EXERCISE DETAILS -
For the data below, work out the number of lines containing the string "sqrt" and answer with that number only.
[GIVEN RECORDS Boundary: Start]
lemma SpO_transitive_on_sphere:
  assumes y: "y \<in> carrier_vec (2*S)" "y \<bullet> y = 1"
    and r: "r \<in> carrier_vec (2*S)" "r \<bullet> r = 1"
  shows "\<exists>W \<in> SpO S. W *\<^sub>v y = r"
proof (cases "y = r")
  case True
  have "1\<^sub>m (2*S) \<in> SpO S"
    by (simp add: SpO_def orthogonal_mat_def Omega_def)
  then show ?thesis using True y by force
next
  case False
  define w where "w l = y $ l - r $ l" for l
  define d where "d = (\<Sum>l<2*S. w l * w l)"
  define p where "p = (\<Sum>l<2*S. w l * y $ l)"
  define q where "q = (\<Sum>l<2*S. Omega_app w l * y $ l)"
  define N where "N = p\<^sup>2 + q\<^sup>2"
  have "d - 2 * p = (\<Sum>l<2*S. r $ l * r $ l - y $ l * y $ l)"
    unfolding d_def p_def w_def
    by (simp add: sum_distrib_left sum_subtractf[symmetric] algebra_simps)
  also have "\<dots> = 0"
    using y r by (simp add: sum_subtractf scalar_prod_def atLeast0LessThan)
  finally have d2p: "d = 2 * p" by simp
  obtain l0 where "l0 < 2*S" "w l0 \<noteq> 0"
    using False y r by (auto simp: w_def vec_eq_iff)
  have "0 < w l0 * w l0"
    using \<open>w l0 \<noteq> 0\<close> by (metis not_real_square_gt_zero)
  moreover have "w l0 * w l0 \<le> d"
    unfolding d_def using \<open>l0 < 2*S\<close> by (intro member_le_sum) auto
  ultimately have "0 < N" using d2p by (simp add: N_def add_pos_nonneg)
  text \<open>\<open>\<gamma> = \<alpha> + i\<beta> = -1/(p + iq)\<close> solves \<open>\<gamma> \<langle>w, y\<rangle> = -1\<close>, which makes the reflection send
    \<open>y\<close> to \<open>y - w = r\<close>.\<close>
  define \<alpha> where "\<alpha> = - p / N"
  define \<beta> where "\<beta> = q / N"
  have "\<alpha>\<^sup>2 + \<beta>\<^sup>2 = 1 / N"
    using \<open>0 < N\<close> unfolding \<alpha>_def \<beta>_def N_def
    by (simp add: power_divide add_divide_distrib[symmetric] power2_eq_square)
  then have W: "unitary_reflection S w \<alpha> \<beta> \<in> SpO S"
    using d2p unfolding d_def by (intro unitary_reflection_SpO) (simp add: \<alpha>_def)
  have "\<alpha> * p - \<beta> * q = - N / N"
    unfolding \<alpha>_def \<beta>_def N_def
    by (simp add: power2_eq_square add_divide_distrib diff_divide_distrib)
  then have "\<alpha> * p - \<beta> * q = -1"
    using \<open>0 < N\<close> by simp
  moreover have "\<alpha> * q + \<beta> * p = 0"
    unfolding \<alpha>_def \<beta>_def by (simp add: algebra_simps add_divide_distrib[symmetric])
  ultimately have "unitary_reflection S w \<alpha> \<beta> *\<^sub>v y = r"
    using unitary_reflection_mult_vec_eq[OF y(1), of \<alpha> w \<beta>] r
    unfolding p_def q_def by (auto simp: w_def)
  with W show ?thesis by blast
qed

lemma orthogonal_mat_rows_orthonormal:
  assumes "orthogonal_mat n Q" "l < n" "k < n"
  shows "row Q l \<bullet> row Q k = (if l = k then 1 else 0)"
proof -
  have Q: "Q \<in> carrier_mat n n" "transpose_mat Q * Q = 1\<^sub>m n"
    using assms(1) by (auto simp: orthogonal_mat_def)
  then have "Q * transpose_mat Q = 1\<^sub>m n"
    by (intro mat_mult_left_right_inverse[OF _ Q(1)]) (use Q in auto)
  from arg_cong[OF this, of "\<lambda>M. M $$ (l, k)"] show ?thesis
    using assms(2,3) Q(1) by simp
qed

definition unit_pair_vec :: "nat \<Rightarrow> nat \<Rightarrow> nat \<Rightarrow> real vec" where
  "unit_pair_vec n a b = vec n (\<lambda>l. if l = a \<or> l = b then 1 / sqrt 2 else 0)"

lemma sum_mult_unit_pair_vec:
  assumes "a < n" "b < n" "a \<noteq> b"
  shows "(\<Sum>k<n. f k * unit_pair_vec n a b $ k) = (f a + f b) / sqrt 2"
proof -
  have "(\<Sum>k<n. f k * unit_pair_vec n a b $ k) = (\<Sum>k\<in>{a,b}. f k / sqrt 2)"
    using assms by (intro sum.mono_neutral_cong_right) (auto simp: unit_pair_vec_def)
  then show ?thesis using assms by (simp add: add_divide_distrib)
qed

lemma unit_pair_vec_norm:
  assumes "a < n" "b < n" "a \<noteq> b"
  shows "unit_pair_vec n a b \<bullet> unit_pair_vec n a b = 1"
proof -
  have "unit_pair_vec n a b \<bullet> unit_pair_vec n a b
      = (\<Sum>k<n. unit_pair_vec n a b $ k * unit_pair_vec n a b $ k)"
    by (simp add: scalar_prod_def atLeast0LessThan unit_pair_vec_def)
  also have "\<dots> = (unit_pair_vec n a b $ a + unit_pair_vec n a b $ b) / sqrt 2"
    by (rule sum_mult_unit_pair_vec[OF assms])
  also have "\<dots> = 1"
    using assms by (simp add: unit_pair_vec_def)
  finally show ?thesis .
qed

lemma mult_mat_vec_unit_pair_vec:
  assumes "M \<in> carrier_mat m n" "l < m" "a < n" "b < n" "a \<noteq> b"
  shows "(M *\<^sub>v unit_pair_vec n a b) $ l = (M $$ (l, a) + M $$ (l, b)) / sqrt 2"
proof -
  have "(M *\<^sub>v unit_pair_vec n a b) $ l = (\<Sum>k<n. M $$ (l, k) * unit_pair_vec n a b $ k)"
    using assms(1,2) by (simp add: scalar_prod_def atLeast0LessThan unit_pair_vec_def)
  then show ?thesis using assms(3-5) by (simp add: sum_mult_unit_pair_vec)
qed

theorem lemma1:
  fixes S i j :: nat and Q :: "real mat"
  assumes "orthogonal_mat (2*S) Q"
    and "1 \<le> i" "i \<le> S"
    and "1 \<le> j" "j \<le> 2*S"
  shows "\<exists>W \<in> SpO S. \<exists>c::real. c \<noteq> 0 \<and>
           (\<forall>l. 1 \<le> l \<and> l \<le> 2*S \<and> l \<noteq> j \<longrightarrow>
              (Q * W) $$ (l-1, 2*i-2) = c * (Q * W) $$ (l-1, 2*i-1))"
proof -
  define a b where "a = 2*i - 2" and "b = 2*i - 1"
  have ab: "a < 2*S" "b < 2*S" "a \<noteq> b" and j: "j - 1 < 2*S"
    using assms by (auto simp: a_def b_def)
  have Q: "Q \<in> carrier_mat (2*S) (2*S)"
    using assms(1) by (simp add: orthogonal_mat_def)
  have "unit_pair_vec (2*S) a b \<in> carrier_vec (2*S)" "row Q (j - 1) \<in> carrier_vec (2*S)"
    using row_carrier[of Q] carrier_matD(2)[OF Q] by (simp_all add: unit_pair_vec_def)
  then obtain W where W: "W \<in> SpO S" "W *\<^sub>v unit_pair_vec (2*S) a b = row Q (j - 1)"
    using SpO_transitive_on_sphere unit_pair_vec_norm[OF ab]
      orthogonal_mat_rows_orthonormal[OF assms(1) j j] by (metis (no_types))
  then have Wc: "W \<in> carrier_mat (2*S) (2*S)" by (simp add: SpO_def orthogonal_mat_def)
  have "(Q * W) $$ (l, a) + (Q * W) $$ (l, b) = 0" if "l < 2*S" "l \<noteq> j - 1" for l
  proof -
    have "((Q * W) *\<^sub>v unit_pair_vec (2*S) a b) $ l = row Q l \<bullet> row Q (j - 1)"
      using Q Wc W that by (simp add: unit_pair_vec_def)
    also have "\<dots> = 0"
      using orthogonal_mat_rows_orthonormal[OF assms(1) that(1) j] that(2) by simp
    finally show ?thesis
      using mult_mat_vec_unit_pair_vec[of "Q * W" "2*S" "2*S" l a b] ab that Q Wc by simp
  qed
  then show ?thesis
    using assms(4) unfolding a_def b_def
    by (intro bexI[OF _ W(1)] exI[of _ "-1"]) (auto simp: add_eq_0_iff)
qed

end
[GIVEN RECORDS Boundary: End]
ANSWER TO THE EXERCISE -
5